[Opening Data extract section]

lemma biased_step_inner_bound:
  fixes g h :: "'a::real_inner"
  assumes "0 \<le> \<eta>" "0 \<le> L" "\<eta> * L \<le> 1"
  shows "- \<eta> * (g \<bullet> h) + L * \<eta>\<^sup>2 / 2 * (norm h)\<^sup>2 \<le> - \<eta> / 2 * (norm g)\<^sup>2 + \<eta> / 2 * (norm (g - h))\<^sup>2"
proof -
  have "L * \<eta>\<^sup>2 \<le> \<eta>"
    using assms mult_left_mono[of "\<eta> * L" 1 \<eta>] by (simp add: power2_eq_square mult_ac)
  then have "L * \<eta>\<^sup>2 / 2 * (norm h)\<^sup>2 \<le> \<eta> / 2 * (norm h)\<^sup>2"
    by (intro mult_right_mono divide_right_mono) auto
  moreover have "- \<eta> * (g \<bullet> h) = \<eta> / 2 * ((norm (g - h))\<^sup>2 - (norm g)\<^sup>2 - (norm h)\<^sup>2)"
    by (simp add: power2_norm_diff algebra_simps)
  ultimately show ?thesis by (simp add: algebra_simps)
qed

section \<open>Integrals and independence\<close>

lemma norm_integral_le_of_second_moment:
  fixes h :: "'m \<Rightarrow> 'a::euclidean_space"
  assumes P: "prob_space N" and hi: "integrable N h"
    and h2: "(\<integral>\<^sup>+ s. ennreal ((norm (h s))\<^sup>2) \<partial>N) \<le> ennreal (B\<^sup>2)" and B: "B \<ge> 0"
  shows "norm (integral\<^sup>L N h) \<le> B"
proof -
  interpret prob_space N by fact
  have hm: "h \<in> borel_measurable N" using hi by auto
  \<comment> \<open>AM-GM: \<open>\<parallel>h\<parallel> \<le> \<parallel>h\<parallel>\<^sup>2/(2c) + c/2\<close>, then optimise over \<open>c\<close>\<close>
  have key: "norm (integral\<^sup>L N h) \<le> B\<^sup>2 / (2*c) + c / 2" if c: "c > 0" for c
  proof -
    have "(\<integral>\<^sup>+ s. ennreal (norm (h s)) \<partial>N) \<le> (\<integral>\<^sup>+ s. ennreal ((norm (h s))\<^sup>2 / (2*c) + c/2) \<partial>N)"
    proof (rule nn_integral_mono)
      fix s
      have "0 \<le> (norm (h s) - c)\<^sup>2" by simp
      then have "norm (h s) \<le> (norm (h s))\<^sup>2 / (2*c) + c/2"
        using c by (simp add: field_simps power2_eq_square)
      then show "ennreal (norm (h s)) \<le> ennreal ((norm (h s))\<^sup>2 / (2*c) + c/2)"
        by (simp add: ennreal_leI)
    qed
    also have "\<dots> = (\<integral>\<^sup>+ s. ennreal ((norm (h s))\<^sup>2) * ennreal (1/(2*c)) + ennreal (c/2) \<partial>N)"
      using c by (intro nn_integral_cong)
        (simp add: ennreal_plus[symmetric] ennreal_mult[symmetric] divide_simps)
    also have "\<dots> = (\<integral>\<^sup>+ s. ennreal ((norm (h s))\<^sup>2) \<partial>N) * ennreal (1/(2*c)) + ennreal (c/2)"
      using hm by (simp add: nn_integral_add nn_integral_multc emeasure_space_1)
    also have "\<dots> \<le> ennreal (B\<^sup>2) * ennreal (1/(2*c)) + ennreal (c/2)"
      by (intro add_mono mult_right_mono h2) auto
    also have "\<dots> = ennreal (B\<^sup>2 / (2*c) + c/2)"
      using c by (simp add: ennreal_plus[symmetric] ennreal_mult[symmetric] divide_simps)
    finally have nn: "(\<integral>\<^sup>+ s. ennreal (norm (h s)) \<partial>N) \<le> ennreal (B\<^sup>2 / (2*c) + c/2)" .
    have "norm (integral\<^sup>L N h) \<le> (\<integral>s. norm (h s) \<partial>N)" by (rule integral_norm_bound)
    also have "\<dots> = enn2real (\<integral>\<^sup>+ s. ennreal (norm (h s)) \<partial>N)"
      using hm by (intro integral_eq_nn_integral) auto
    also have "\<dots> \<le> B\<^sup>2 / (2*c) + c/2"
      using nn c by (intro enn2real_leI) (auto simp: add_pos_nonneg)
    finally show ?thesis .
  qed
  show ?thesis
  proof (cases "B > 0")
    case True
    from key[OF True] show ?thesis using True by (simp add: power2_eq_square)
  next
    case False
    then have B0: "B = 0" using B by simp
    have "norm (integral\<^sup>L N h) \<le> e" if "e > 0" for e
      using key[of "2*e"] that B0 by simp
    then show ?thesis using B0 by (meson dense_le_bounded not_le)
  qed
qed

lemma nn_integral_le_integral_of_le:
  assumes R: "integrable N R" and nonneg: "\<And>y. 0 \<le> \<phi> y" and le: "\<And>y. \<phi> y \<le> R y"
  shows "(\<integral>\<^sup>+y. ennreal (\<phi> y) \<partial>N) \<le> ennreal (integral\<^sup>L N R)"
proof -
  have "(\<integral>\<^sup>+y. ennreal (\<phi> y) \<partial>N) \<le> (\<integral>\<^sup>+y. ennreal (R y) \<partial>N)"
    by (intro nn_integral_mono ennreal_leI le)
  also have "\<dots> = ennreal (integral\<^sup>L N R)"
    using R order_trans[OF nonneg le] by (intro nn_integral_eq_integral) auto
  finally show ?thesis .
qed

lemma add_ennreal_le_ennreal:
  fixes a c d :: real
  assumes "x \<le> ennreal a" and "0 \<le> a" and "0 \<le> c" and "a + c \<le> d"
  shows "x + ennreal c \<le> ennreal d"
proof -
  have "x + ennreal c \<le> ennreal a + ennreal c" using assms(1) by (rule add_right_mono)
  also have "\<dots> = ennreal (a + c)" using assms(2,3) by (simp add: ennreal_plus)
  also have "\<dots> \<le> ennreal d" using assms(4) by (rule ennreal_leI)
  finally show ?thesis .
qed

lemma (in prob_space) nn_integral_ennreal_affine:
  assumes "f \<in> borel_measurable M" "\<And>x. 0 \<le> f x" "0 \<le> c" "0 \<le> d"
  shows "(\<integral>\<^sup>+x. ennreal (c * f x + d) \<partial>M) = ennreal c * (\<integral>\<^sup>+x. ennreal (f x) \<partial>M) + ennreal d"
proof -
  have "(\<integral>\<^sup>+x. ennreal (c * f x + d) \<partial>M) = (\<integral>\<^sup>+x. ennreal c * ennreal (f x) + ennreal d \<partial>M)"
    using assms by (intro nn_integral_cong) (simp add: ennreal_plus ennreal_mult)
  also have "\<dots> = ennreal c * (\<integral>\<^sup>+x. ennreal (f x) \<partial>M) + ennreal d"
    using assms(1) by (simp add: nn_integral_add nn_integral_cmult emeasure_space_1)
  finally show ?thesis .
qed

lemma nn_integral_indep_blocks:
  fixes X :: "'i \<Rightarrow> 'm \<Rightarrow> 's"
  assumes P: "prob_space M" and ind: "prob_space.indep_vars M (\<lambda>_. S) X J"
    and AJ: "A \<subseteq> J" and BJ: "B \<subseteq> J" and AB: "A \<inter> B = {}"
    and h: "h \<in> borel_measurable (PiM A (\<lambda>_. S) \<Otimes>\<^sub>M PiM B (\<lambda>_. S))"
  shows "(\<integral>\<^sup>+\<omega>. h (restrict (\<lambda>i. X i \<omega>) A, restrict (\<lambda>i. X i \<omega>) B) \<partial>M)
       = (\<integral>\<^sup>+\<omega>. (\<integral>\<^sup>+y. h (restrict (\<lambda>i. X i \<omega>) A, y)
            \<partial>distr M (PiM B (\<lambda>_. S)) (\<lambda>\<omega>. restrict (\<lambda>i. X i \<omega>) B)) \<partial>M)"
proof -
  interpret prob_space M by fact
  let ?PA = "PiM A (\<lambda>_. S)" and ?PB = "PiM B (\<lambda>_. S)"
  let ?pa = "\<lambda>\<omega>. restrict (\<lambda>i. X i \<omega>) A" and ?pb = "\<lambda>\<omega>. restrict (\<lambda>i. X i \<omega>) B"
  have "indep_var ?PA ?pa ?PB ?pb"
    by (rule indep_var_restrict[OF ind AB AJ BJ])
  then have rv: "random_variable ?PA ?pa" "random_variable ?PB ?pb"
    and joint: "distr M ?PA ?pa \<Otimes>\<^sub>M distr M ?PB ?pb = distr M (?PA \<Otimes>\<^sub>M ?PB) (\<lambda>x. (?pa x, ?pb x))"
    using indep_var_distribution_eq by blast+
  interpret DB: prob_space "distr M ?PB ?pb" by (rule prob_space_distr[OF rv(2)])
  have pair: "(\<lambda>x. (?pa x, ?pb x)) \<in> measurable M (?PA \<Otimes>\<^sub>M ?PB)"
    using rv by (rule measurable_Pair)
  have h': "h \<in> borel_measurable (distr M ?PA ?pa \<Otimes>\<^sub>M distr M ?PB ?pb)"
    using h by (simp cong: measurable_cong_sets)
  have "(\<integral>\<^sup>+\<omega>. h (?pa \<omega>, ?pb \<omega>) \<partial>M) = integral\<^sup>N (distr M (?PA \<Otimes>\<^sub>M ?PB) (\<lambda>x. (?pa x, ?pb x))) h"
    by (subst nn_integral_distr[OF pair]) (simp_all add: h)
  also have "\<dots> = integral\<^sup>N (distr M ?PA ?pa \<Otimes>\<^sub>M distr M ?PB ?pb) h" by (simp only: joint)
  also have "\<dots> = (\<integral>\<^sup>+p. \<integral>\<^sup>+y. h (p, y) \<partial>distr M ?PB ?pb \<partial>distr M ?PA ?pa)"
    by (rule DB.nn_integral_fst[OF h', symmetric])
  also have "\<dots> = (\<integral>\<^sup>+\<omega>. \<integral>\<^sup>+y. h (?pa \<omega>, y) \<partial>distr M ?PB ?pb \<partial>M)"
    by (rule nn_integral_distr[OF rv(1) DB.borel_measurable_nn_integral_fst[OF h']])
  finally show ?thesis .
qed

locale product_noise =
  fixes Mi :: "'i \<Rightarrow> 's measure" and B :: "'i set" and E :: "'i \<Rightarrow> 's \<Rightarrow> 'a::euclidean_space"
    and s2 :: real
  assumes s2_nonneg: "s2 \<ge> 0" and prob_factor: "\<And>i. prob_space (Mi i)" and finite_B: "finite B"
    and E_measurable: "\<And>i. i \<in> B \<Longrightarrow> E i \<in> borel_measurable (Mi i)"
    and E_integrable: "\<And>i. i \<in> B \<Longrightarrow> integrable (Mi i) (E i)"
    and E_centred: "\<And>i. i \<in> B \<Longrightarrow> integral\<^sup>L (Mi i) (E i) = 0"
    and E_second_moment: "\<And>i. i \<in> B \<Longrightarrow> (\<integral>\<^sup>+s. ennreal ((norm (E i s))\<^sup>2) \<partial>Mi i) \<le> ennreal s2"
begin

abbreviation (input) joint where "joint \<equiv> PiM B Mi"

abbreviation noise :: "'i \<Rightarrow> ('i \<Rightarrow> 's) \<Rightarrow> 'a" where "noise i y \<equiv> E i (y i)"

lemma prob_space_joint: "prob_space joint"
  by (simp add: prob_factor prob_space_PiM)

lemma measurable_joint_component: "i \<in> B \<Longrightarrow> (\<lambda>y. y i) \<in> measurable joint (Mi i)"
  by (rule measurable_component_singleton)

lemma distr_joint_component: "i \<in> B \<Longrightarrow> distr joint (Mi i) (\<lambda>y. y i) = Mi i"
  by (rule distr_PiM_component) (auto simp: prob_factor)

lemma integrable_component:
  fixes \<phi> :: "'s \<Rightarrow> 'c::{banach, second_countable_topology}"
  assumes i: "i \<in> B" and "integrable (Mi i) \<phi>"
  shows "integrable joint (\<lambda>y. \<phi> (y i))"
proof -
  have "\<phi> \<in> borel_measurable (Mi i)" using assms by auto
  from integrable_distr_eq[OF measurable_joint_component[OF i] this] show ?thesis
    using assms distr_joint_component[OF i] by simp
qed

lemma integral_component:
  fixes \<phi> :: "'s \<Rightarrow> 'c::{banach, second_countable_topology}"
  assumes i: "i \<in> B" and m: "\<phi> \<in> borel_measurable (Mi i)"
  shows "(\<integral>y. \<phi> (y i) \<partial>joint) = integral\<^sup>L (Mi i) \<phi>"
  using integral_distr[OF measurable_joint_component[OF i] m] distr_joint_component[OF i]
  by simp

lemma integrable_power2_norm_E:
  assumes i: "i \<in> B"
  shows "integrable (Mi i) (\<lambda>s. (norm (E i s))\<^sup>2)"
proof (rule integrableI_bounded)
  show "(\<lambda>s. (norm (E i s))\<^sup>2) \<in> borel_measurable (Mi i)"
    using E_measurable[OF i] by measurable
  show "(\<integral>\<^sup>+s. ennreal (norm ((norm (E i s))\<^sup>2)) \<partial>Mi i) < \<infinity>"
    using E_second_moment[OF i] by (simp add: le_less_trans[OF _ ennreal_less_top])
qed

lemma integral_power2_norm_E_le: "i \<in> B \<Longrightarrow> (\<integral>s. (norm (E i s))\<^sup>2 \<partial>Mi i) \<le> s2"
  using nn_integral_eq_integral[OF integrable_power2_norm_E] E_second_moment s2_nonneg
  by (fastforce simp: ennreal_le_iff)

lemma noise_measurable: "i \<in> B \<Longrightarrow> noise i \<in> borel_measurable joint"
  using measurable_comp[OF measurable_joint_component E_measurable] by (simp add: comp_def)

lemma noise_integrable: "i \<in> B \<Longrightarrow> integrable joint (noise i)"
  using integrable_component[OF _ E_integrable] by simp

lemma noise_power2_integrable: "i \<in> B \<Longrightarrow> integrable joint (\<lambda>y. (norm (noise i y))\<^sup>2)"
  using integrable_component[OF _ integrable_power2_norm_E] by simp

lemma noise_power2_integral_le: "i \<in> B \<Longrightarrow> (\<integral>y. (norm (noise i y))\<^sup>2 \<partial>joint) \<le> s2"
  using integral_component[of i "\<lambda>s. (norm (E i s))\<^sup>2"] E_measurable integral_power2_norm_E_le
  by fastforce

lemma integrable_dominated_by_noise:
  assumes i: "i \<in> B" and i': "i' \<in> B" and m: "\<phi> \<in> borel_measurable joint"
    and bound: "\<And>y. \<bar>\<phi> y\<bar> \<le> norm (noise i y) * norm (noise i' y)"
  shows "integrable joint \<phi>"
proof (rule Bochner_Integration.integrable_bound[OF _ m])
  show "integrable joint (\<lambda>y. (norm (noise i y))\<^sup>2 + (norm (noise i' y))\<^sup>2)"
    using noise_power2_integrable[OF i] noise_power2_integrable[OF i'] by simp
  show "AE y in joint. norm (\<phi> y) \<le> norm ((norm (noise i y))\<^sup>2 + (norm (noise i' y))\<^sup>2)"
  proof (rule AE_I2)
    fix y
    have "\<bar>\<phi> y\<bar> \<le> (norm (noise i y))\<^sup>2 + (norm (noise i' y))\<^sup>2"
      using bound[of y] mult_le_sum_squares[of "norm (noise i y)" "norm (noise i' y)"] by simp
    then show "norm (\<phi> y) \<le> norm ((norm (noise i y))\<^sup>2 + (norm (noise i' y))\<^sup>2)" by simp
  qed
qed

lemma noise_inner_integrable:
  assumes i: "i \<in> B" and i': "i' \<in> B"
  shows "integrable joint (\<lambda>y. noise i y \<bullet> noise i' y)"
proof (rule integrable_dominated_by_noise[OF i i'])
  show "(\<lambda>y. noise i y \<bullet> noise i' y) \<in> borel_measurable joint"
    using noise_measurable[OF i] noise_measurable[OF i'] by measurable
qed (rule Cauchy_Schwarz_ineq2)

[Closing Data extract section]

» **Problem requirements**
Starting at the top of the data above, repeat every line exactly until the line containing "using assms mult_left_mono[of" has been given, then stop.

» **Exercise response**
lemma biased_step_inner_bound:
  fixes g h :: "'a::real_inner"
  assumes "0 \<le> \<eta>" "0 \<le> L" "\<eta> * L \<le> 1"
  shows "- \<eta> * (g \<bullet> h) + L * \<eta>\<^sup>2 / 2 * (norm h)\<^sup>2 \<le> - \<eta> / 2 * (norm g)\<^sup>2 + \<eta> / 2 * (norm (g - h))\<^sup>2"
proof -
  have "L * \<eta>\<^sup>2 \<le> \<eta>"
    using assms mult_left_mono[of "\<eta> * L" 1 \<eta>] by (simp add: power2_eq_square mult_ac)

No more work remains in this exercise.